As you can see, I create a multiprocessing.pool.ThreadPool with a single thread in it. Then I run the decorated function in that thread. I use res.get(timeout) with the timeout we set to get the results or raise an exception if the timeout is exceeded. If the timeout was exceeded, then I throw the OSError to be like our first example.

If all goes well, the exception handling inside of long_func won’t have any effect on what happens. Let’s see:

$ python2 test.py
Success!
Traceback (most recent call last):
  File "test.py", line 49, in
    long_func()
  File "test.py", line 35, in wrapper
    raise OSError('Timeout expired after: %s' % seconds)
OSError: Timeout expired after: 1

Yep, as you can see from the stack trace, the OSError is now being thrown from the decorator, not from within long_func(). So only the toplevel exception handler has a chance to handle the exception. This leads to more intuitive code and hopefully less bugs down the road.

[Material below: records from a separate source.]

lemma in_Ipow_square_summands:
  assumes "in_Ipow m q" "2 \<le> m"
  obtains fs :: "'a::field list list"
  where "\<And>f. f \<in> set fs \<Longrightarrow> is_square (prod_list f)" "witt_eq q (concat fs)"
proof -
  obtain fs :: "'a list list list" where
    fs: "\<And>f. f \<in> set fs \<Longrightarrow> length f = m \<and> (\<forall>\<phi>\<in>set f. even (length \<phi>))"
    and w: "witt_eq q (concat (map (\<lambda>f. foldr tensor f [1]) fs))"
    using assms(1) unfolding in_Ipow_def by blast
  have "is_square (prod_list (foldr tensor f [1]))" if f: "f \<in> set fs" for f
  proof -
    obtain \<phi> \<psi> f' where f_Cons: "f = \<phi> # \<psi> # f'" and "even (length \<phi>)" "even (length \<psi>)"
      using fs[OF f] assms(2) by (auto simp: numeral_2_eq_2 Suc_le_length_iff)
    then obtain k l where "length \<phi> = 2 * k" "length (foldr tensor (\<psi> # f') [1]) = 2 * l"
      by (auto simp: length_tensor length_foldr_tensor elim!: evenE)
    then show ?thesis
      by (simp add: f_Cons prod_list_tensor power_mult power_mult_distrib[symmetric] mult.commute[of 2])
  qed
  then show ?thesis using that[OF _ w] by auto
qed

section \<open>Splitting off a represented value\<close>

lemma isometric_Cons_if_qval:
  fixes q :: "'a::field list"
  shows "nondeg q \<Longrightarrow> qval q x = c \<Longrightarrow> c \<noteq> 0 \<Longrightarrow> \<exists>q'. nondeg q' \<and> isometric q (c # q')"
proof (induction q arbitrary: x c)
  case (Cons a r)
  let ?d = "qval r (\<lambda>i. x (Suc i))"
  have a: "a \<noteq> 0" and nd_r: "nondeg r" using Cons.prems(1) by (auto simp: nondeg_def)
  have c: "a * (x 0)^2 + ?d = c" using Cons.prems(2) by (simp add: qval_Cons)
  show ?case
  proof (cases "?d = 0")
    case True
    then have "x 0 \<noteq> 0" using c Cons.prems(3) by auto
    then have "isometric ([a] @ r) ([a * (x 0)^2] @ r)"
      by (intro isometric_append isometric_scale isometric_refl)
    then show ?thesis using nd_r c True by auto
  next
    case False
    obtain r' where nd_r': "nondeg r'" and r: "isometric r (?d # r')"
      using Cons.IH[OF nd_r refl False] by blast
    have "isometric ([a] @ r) ([a] @ [?d] @ r')"
      using r by (intro isometric_append isometric_refl) simp
    moreover have "a * (x 0)^2 + ?d * 1^2 = c" using c by simp
    then have "isometric ([a, ?d] @ r') ([c, a * ?d * c] @ r')"
      using Cons.prems(3) by (intro isometric_append isometric_binary isometric_refl)
    ultimately have "isometric (a # r) (c # (a * ?d * c) # r')"
      using isometric_trans by fastforce
    moreover have "nondeg ((a * ?d * c) # r')"
      using nd_r' a False Cons.prems(3) by (simp add: nondeg_def)
    ultimately show ?thesis by blast
  qed
qed (simp add: qval_def)

section \<open>Sums of Pfister forms\<close>

lemma Pf_le:
  assumes "length ps = r" "\<And>p. p \<in> set ps \<Longrightarrow> length p = m \<and> nondeg p"
    and "witt_eq q (concat (map pfister ps))"
  shows "Pf m q \<le> r"
  unfolding Pf_def by (rule Least_le) (use assms in blast)

lemma pfister_single: "pfister [a] = [1, a]"
  by (simp add: pfister_def tensor_def)

lemma pfister_pair: "pfister [b, a] = [1, a, b, b * a]"
  by (simp add: pfister_def tensor_def)

fun pfister_chain :: "'a::field \<Rightarrow> 'a list \<Rightarrow> 'a list list" where
  "pfister_chain b [] = []"
| "pfister_chain b (a # as) = [b, a] # pfister_chain (b * a) as"

lemma length_pfister_chain: "length (pfister_chain b as) = length as"
  by (induction as arbitrary: b) simp_all

lemma nondeg_pfister_chain:
  "b \<noteq> 0 \<Longrightarrow> nondeg as \<Longrightarrow> p \<in> set (pfister_chain b as) \<Longrightarrow> length p = 2 \<and> nondeg p"
proof (induction as arbitrary: b)
  case (Cons a as)
  have ba: "b * a \<noteq> 0" "nondeg as" and "nondeg [b, a]"
    using Cons.prems(1,2) by (simp_all add: nondeg_def)
  then show ?case using Cons.IH[OF ba] Cons.prems(3) by auto
qed simp

context
  fixes i :: "'a::field"
  assumes two: "(2::'a) \<noteq> 0" and i: "i * i = -1"
begin

lemma witt_eq_double_zero:
  fixes a :: 'a assumes "a \<noteq> 0" shows "witt_eq [a, a] []"
proof -
  have "isometric ([a] @ [a]) ([a] @ [a * i^2])"
    using i by (intro isometric_append isometric_refl isometric_scale) auto
  then have "witt_eq [a, a] [a, -a]"
    using i by (simp add: witt_eq_isometric power2_eq_square)
  then show ?thesis using witt_eq_hyperbolic_plane[OF assms two] by (rule witt_eq_trans)
qed

lemma witt_eq_replicate_one_zero: "witt_eq (replicate (2 * k) (1::'a)) []"
proof (induction k)
  case (Suc k)
  have "witt_eq ([1, 1] @ replicate (2 * k) (1::'a)) ([] @ [])"
    using witt_eq_append[OF witt_eq_double_zero[of 1] Suc] by simp
  then show ?case by simp
qed (simp add: witt_eq_refl)

lemma witt_eq_replicate_one_parity:
  assumes "even (j + k)" shows "witt_eq (replicate j (1::'a) @ q) (replicate k 1 @ q)"
proof -
  have shift: "witt_eq (replicate (j + 2 * m) 1 @ q) (replicate j 1 @ q)" for j m
  proof -
    have "witt_eq ((replicate j 1 @ q) @ replicate (2 * m) 1) (replicate j 1 @ q)"
      by (rule witt_eq_append_zero[OF witt_eq_replicate_one_zero])
    then show ?thesis by (rule witt_eq_mset_trans) (simp_all add: replicate_add)
  qed
  show ?thesis
  proof (cases "j \<le> k")
    case True
    moreover have "even (k - j)" using assms True by auto
    ultimately obtain m where "k = j + 2 * m" by (metis evenE le_add_diff_inverse)
    then show ?thesis using shift witt_eq_sym by metis
  next
    case False
    moreover have "even (j - k)" using assms False by auto
    ultimately obtain m where "j = k + 2 * m" by (metis evenE le_add_diff_inverse nat_le_linear)
    then show ?thesis using shift by metis
  qed
qed

text \<open>The product of the entries stands for the discriminant: as \<open>-1\<close> is a square, the sign
  of the signed discriminant does not matter.\<close>

lemma witt_eq_is_square_prod_list:
  fixes q p :: "'a list"
  assumes "witt_eq q p" "is_square (prod_list p)" shows "is_square (prod_list q)"
proof -
  obtain r u where "isometric (q @ hyp r) (p @ hyp u)" using assms(1) unfolding witt_eq_def by blast
  from isometric_prod_list[OF two this] obtain d
    where d: "d \<noteq> 0" "prod_list (p @ hyp u) = d^2 * prod_list (q @ hyp r)" by blast
  obtain s where s: "prod_list p = s^2" using assms(2) by (auto elim: is_nth_powerE)
  have prod_hyp: "prod_list (hyp k) = (i^k)^2" for k
  proof -
    have "prod_list (hyp k) = (i * i)^k" using i by (induction k) (simp_all add: hyp_def)
    then show ?thesis by (simp add: power2_eq_square power_mult_distrib)
  qed
  have "i \<noteq> 0" using i by auto
  with d s have "prod_list q = (s * i^u / (d * i^r))^2"
    by (simp add: prod_hyp power_mult_distrib power_divide field_simps)
  then show ?thesis by (rule is_nth_powerI)
qed

lemma in_Ipow_is_square_prod_list:
  fixes q :: "'a list"
  assumes "in_Ipow m q" "2 \<le> m" shows "is_square (prod_list q)"
proof -
  obtain fs where "\<And>f. f \<in> set fs \<Longrightarrow> is_square (prod_list f)" and w: "witt_eq q (concat fs)"
    using in_Ipow_square_summands[OF assms] by blast
  then have "is_square (prod_list (concat fs))"
    unfolding prod_list_concat by (intro is_square_prod_list) auto
  then show ?thesis by (rule witt_eq_is_square_prod_list[OF w])
qed

lemma witt_eq_binary_zero:
  fixes a b :: 'a
  assumes a: "a \<noteq> 0" and b: "b \<noteq> 0" and ab: "is_square (a * b)" shows "witt_eq [a, b] []"
proof -
  obtain s where s: "a * b = s^2" using ab by (auto elim: is_nth_powerE)
  then have "s \<noteq> 0" using a b by auto
  then have "isometric [a] [a * (s / a)^2]" using a by (intro isometric_scale) simp
  moreover have "a * (s / a)^2 = b" using a s by (simp add: power2_eq_square field_simps)
  ultimately have "isometric ([a] @ [a]) ([a] @ [b])" using isometric_append isometric_refl by metis
  then have "witt_eq [a, b] [a, a]" by (simp add: witt_eq_isometric isometric_sym)
  then show ?thesis using witt_eq_double_zero[OF a] by (rule witt_eq_trans)
qed

lemma Pf_1_le:
  fixes q p :: "'a list"
  assumes "nondeg p" "witt_eq q (replicate k 1 @ p)" "even (k + length p)"
  shows "Pf 1 q \<le> length p"
proof (rule Pf_le)
  have "witt_eq q (replicate (length p) 1 @ p)"
    by (rule witt_eq_trans[OF assms(2) witt_eq_replicate_one_parity[OF assms(3)]])
  moreover have "mset (replicate (length p) 1 @ p) = mset (concat (map pfister (map (\<lambda>a. [a]) p)))"
    by (induction p) (simp_all add: pfister_single)
  ultimately show "witt_eq q (concat (map pfister (map (\<lambda>a. [a]) p)))"
    by (metis witt_eq_mset_trans)
qed (use assms(1) in \<open>auto simp: nondeg_def\<close>)

text \<open>The basic relation \<open>\<langle>b, a\<rangle> = \<langle>1, b a\<rangle> + \<langle>\<langle>b, a\<rangle>\<rangle>\<close> in \<open>W(k)\<close>: the difference
  is \<open>\<langle>1, 1, b a, b a\<rangle> = 2\<langle>1, b a\<rangle>\<close>, which vanishes because \<open>-1\<close> is a square.\<close>

lemma witt_eq_binary_pfister:
  fixes a b :: 'a
  assumes "a \<noteq> 0" "b \<noteq> 0" shows "witt_eq [b, a] ([1, b * a] @ pfister [b, a])"
proof -
  have "witt_eq ([1, 1] @ [b * a, b * a]) ([] @ [])"
    using assms by (intro witt_eq_append witt_eq_double_zero) simp_all
  then have "witt_eq ([b, a] @ [1, 1] @ [b * a, b * a]) [b, a]"
    by (intro witt_eq_append_zero) simp
  then have "witt_eq ([1, b * a] @ pfister [b, a]) [b, a]"
    by (rule witt_eq_mset_trans) (simp_all add: pfister_pair add_mset_commute)
  then show ?thesis by (rule witt_eq_sym)
qed

lemma witt_eq_pfister_chain:
  fixes b :: 'a
  shows "nondeg (b # as) \<Longrightarrow> witt_eq (b # as)
     (replicate (length as) 1 @ [b * prod_list as] @ concat (map pfister (pfister_chain b as)))"
proof (induction as arbitrary: b)
  case (Cons a as)
  have a: "a \<noteq> 0" and b: "b \<noteq> 0" and nd: "nondeg ((b * a) # as)"
    using Cons.prems by (auto simp: nondeg_def)
  let ?R = "replicate (length as) 1 @ [b * a * prod_list as] @ concat (map pfister (pfister_chain (b * a) as))"
  have "witt_eq ([b, a] @ as) (([1, b * a] @ pfister [b, a]) @ as)"
    by (rule witt_eq_append[OF witt_eq_binary_pfister[OF a b] witt_eq_refl])
  moreover have "witt_eq (([1] @ pfister [b, a]) @ ((b * a) # as)) (([1] @ pfister [b, a]) @ ?R)"
    by (rule witt_eq_append[OF witt_eq_refl Cons.IH[OF nd]])
  ultimately have "witt_eq ([b, a] @ as) (([1] @ pfister [b, a]) @ ?R)"
    by (rule witt_eq_trans[OF _ witt_eq_mset_trans]) (simp_all add: ac_simps)
  then show ?case
    by (rule witt_eq_mset_trans) (simp_all add: mult.assoc ac_simps)
qed (simp add: witt_eq_refl)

So are there ever times when a signal handler is the right choice?

Signal handlers can be used for more than just timeouts. And they can do other things besides trying to cancel an ongoing function. For instance, the Apache web server has a signal handler for the HUP (HangUP) signal. When it receives that, it reloads its configuration from disk. If you take care to catch any potential exceptions during that process, you shouldn’t run across these caveats because these problems only apply to raising an exception from the signal handler.

When you do want to exit the function via a signal handler, I would be a little hesitant because you can never entirely escape from the drawbacks above and threading provides a more intuitive interface for the called and calling code.  I think that a few practices make it more robust, however.  As mentioned above:

  • Use a custom exception inheriting directly from BaseException to reduce the likelihood that unexpected code will catch it.
  • If you are doing it for a timeout, remember to reset the alarm inside of the signal handler in case something does catch your custom exception.  At least then you’ll continue to hit timeouts until you finally escape the code.

And one that wasn’t mentioned before:

It’s better to make an ad hoc exception-raising signal handler that handles a specific problem inside of a function rather than attempting to place it outside of the function.  For instance:

def timeout_handler():
    raise BaseException('Timeout')

def long_function():
    try:
        old_handler = signal.signal(signal.SIGALRM,
                                    timeout_handler)
        signal.alarm(1)
        time.sleep(10)   # Placeholder for the real,
                         # potentially blocking code
    except BaseException:
        print('Timed out!')
    finally:
        signal.signal(signal.SIGALRM, old_handler)
        signal.alarm(0)

long_function()

Why is it better to do it this way? If you do this, you localize the exception catching due to the signal handler with the code that could potentially raise the exception. It isn’t foolproof as you are likely still going to call helper functions (even in the stdlib) which could handle a conflicting exception but at least you are more clearly aware of the fact that the exception could potentially originate from any of your code inside this function rather than obfuscating all of that behind a function call.